How many IDs are there? How many columns? Are there any categorical columns? Why?

Casting Metadata Column Types

In the Metadata tutorial we learned about column types and utilizing the qiime tools cast-metadata tool to specifiy column types within a provided metadata file. Below we will go through a few scenarios of how this tool can be used, and some common mistakes that may come up.
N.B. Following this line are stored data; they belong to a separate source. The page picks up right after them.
text \<open>Exchanging items of S outside the cheapest set against cheapest items outside S.\<close>
lemma sum_cheapest_le:
  assumes S: "S \<subseteq> {..<m}"
  shows "sum sh (cheapest m sh (card S)) \<le> sum sh S"
proof -
  let ?C = "cheapest m sh (card S)"
  have fS: "finite S" using finite_subset[OF S] by simp
  have cC: "card ?C = card S" using card_cheapest card_mono[OF _ S] by simp
  have "sum sh (?C - S) \<le> sum sh (S - ?C)"
  proof (rule sum_le_sum_if_card_eq)
    show "card (?C - S) = card (S - ?C)"
      using cC fS finite_cheapest by (simp add: card_Diff_subset_Int Int_commute)
    show "sh a \<le> sh b" if "a \<in> ?C - S" "b \<in> S - ?C" for a b
      using that S cheapest_le_outside[of a m sh "card S" b] by auto
  qed (use fS finite_cheapest in simp_all)
  moreover have "sum sh ?C = sum sh (?C - S) + sum sh (?C \<inter> S)"
    "sum sh S = sum sh (S - ?C) + sum sh (?C \<inter> S)"
    using fS finite_cheapest sum.Int_Diff by (metis Int_commute add.commute)+
  ultimately show ?thesis by linarith
qed

section \<open>Demand under symmetric submodular valuations\<close>

definition cheapest_util ::
    "nat \<Rightarrow> (nat \<Rightarrow> nat set \<Rightarrow> real) \<Rightarrow> (nat \<Rightarrow> real) \<Rightarrow> nat \<Rightarrow> nat \<Rightarrow> real" where
  "cheapest_util m b sh i k = util b sh i (cheapest m sh k)"

lemma util_le_best_util: "S \<subseteq> {..<m} \<Longrightarrow> util b sh i S \<le> best_util m b sh i"
  unfolding best_util_def by (intro Max_ge) auto

lemma best_util_attained: "\<exists>S \<subseteq> {..<m}. util b sh i S = best_util m b sh i"
proof -
  have "best_util m b sh i \<in> util b sh i ` Pow {..<m}"
    unfolding best_util_def by (intro Max_in) auto
  then show ?thesis by auto
qed

lemma cheapest_util_le_best_util: "cheapest_util m b sh i k \<le> best_util m b sh i"
  unfolding cheapest_util_def using cheapest_subset by (rule util_le_best_util)

lemma util_le_cheapest_util:
  assumes sym: "symmetric_fn {..<m} (b i)" and S: "S \<subseteq> {..<m}"
  shows "util b sh i S \<le> cheapest_util m b sh i (card S)"
proof -
  have "card (cheapest m sh (card S)) = card S" using card_cheapest card_mono[OF _ S] by simp
  then have "b i S = b i (cheapest m sh (card S))"
    using sym S cheapest_subset unfolding symmetric_fn_def by metis
  then show ?thesis unfolding cheapest_util_def util_def using sum_cheapest_le[OF S, of sh] by simp
qed
(* Let $a,b\in\mathbb{R}$ with $|a|<1$, $b\ne0$, $\mu=1-a^2$, and let $M\in\mathbb{R}$ with $|M|\le1$. Let $1\le p,q\le\infty$ with $\frac1p+\frac1q=1$. Let $\lambda(x,\tau)$ be a sufficiently regular function decaying at spatial infinity. Then, for $t>\tau\ge0$, $$\|U[\partial_x\lambda(\tau)](\cdot,t,\tau)\|_{L^\infty}\le C\sum_{n=0}^{1}(1+t)^{-\frac12+\frac n2}(t-\tau)^{-\frac12+\frac1{2p}-\frac n2}\|\lambda(\cdot,\tau)\|_{L^q},$$ with $C$ independent of $t,\tau$.
   Context: $\chi_*(x)\equiv\frac{\sqrt{\mu}}{b}\frac{(e^{\frac{bM}{2\mu}}-1)e^{-\frac{x^2}{4\mu}}}{\sqrt\pi+(e^{\frac{bM}{2\mu}}-1)\int_{x/\sqrt{4\mu}}^\infty e^{-y^2}dy}$, $\chi(x,t)\equiv(1+t)^{-1/2}\chi_*\big(\frac{x-a(1+t)}{\sqrt{1+t}}\big)$, $\eta(x,t)\equiv\exp\big(\frac{b}{2\mu}\int_{-\infty}^x\chi(y,t)dy\big)$, $G_0(x,t)\equiv\frac{1}{\sqrt{4\pi\mu t}}e^{-\frac{(x-at)^2}{4\mu t}}$. For a function $h$ of $x$, $$U[h](x,t,\tau)\equiv\int_{\mathbb{R}}\partial_x\big(G_0(x-y,t-\tau)\eta(x,t)\big)\eta(y,\tau)^{-1}\Big(\int_{-\infty}^yh(\xi)d\xi\Big)dy,\quad x\in\mathbb{R},\ 0\le\tau<t,$$ and $U[\partial_x\lambda(\tau)]$ means $U[h]$ with $h=\partial_x\lambda(\cdot,\tau)$. *)

theory Defs
  imports "HOL-Analysis.Analysis" "HOL-Probability.Essential_Supremum"
begin

definition chi_star :: "real \<Rightarrow> real \<Rightarrow> real \<Rightarrow> real \<Rightarrow> real" where
  "chi_star b mu M x =
     sqrt mu / b * ((exp (b * M / (2 * mu)) - 1) * exp (- (x\<^sup>2) / (4 * mu)))
     / (sqrt pi + (exp (b * M / (2 * mu)) - 1) * integral {x / sqrt (4 * mu)..} (\<lambda>y. exp (- (y\<^sup>2))))"

definition chi :: "real \<Rightarrow> real \<Rightarrow> real \<Rightarrow> real \<Rightarrow> real \<Rightarrow> real \<Rightarrow> real" where
  "chi a b mu M x t = (1 + t) powr (-1/2) * chi_star b mu M ((x - a * (1 + t)) / sqrt (1 + t))"

definition eta :: "real \<Rightarrow> real \<Rightarrow> real \<Rightarrow> real \<Rightarrow> real \<Rightarrow> real \<Rightarrow> real" where
  "eta a b mu M x t = exp (b / (2 * mu) * integral {..x} (\<lambda>y. chi a b mu M y t))"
We’ll start by first downloading some sample metadata. Note: This is the same sample metadata used in the Inspect Metadata section, so you can skip this step if you have already downloaded the sample_metadata.tsv file from above.

Please select a download option that is most appropriate for your environment:
wget \
  -O "sample_metadata.tsv" \
  "https://data.qiime2.org/2024.10/tutorials/pd-mice/sample_metadata.tsv"
curl -sL \
  "https://data.qiime2.org/2024.10/tutorials/pd-mice/sample_metadata.tsv" > \
  "sample_metadata.tsv"

In this example, we will cast the days_post_transplant column from numeric to categorical, and the mouse_id column from categorical to numeric. The rest of the columns contained within our metadata will be left as-is.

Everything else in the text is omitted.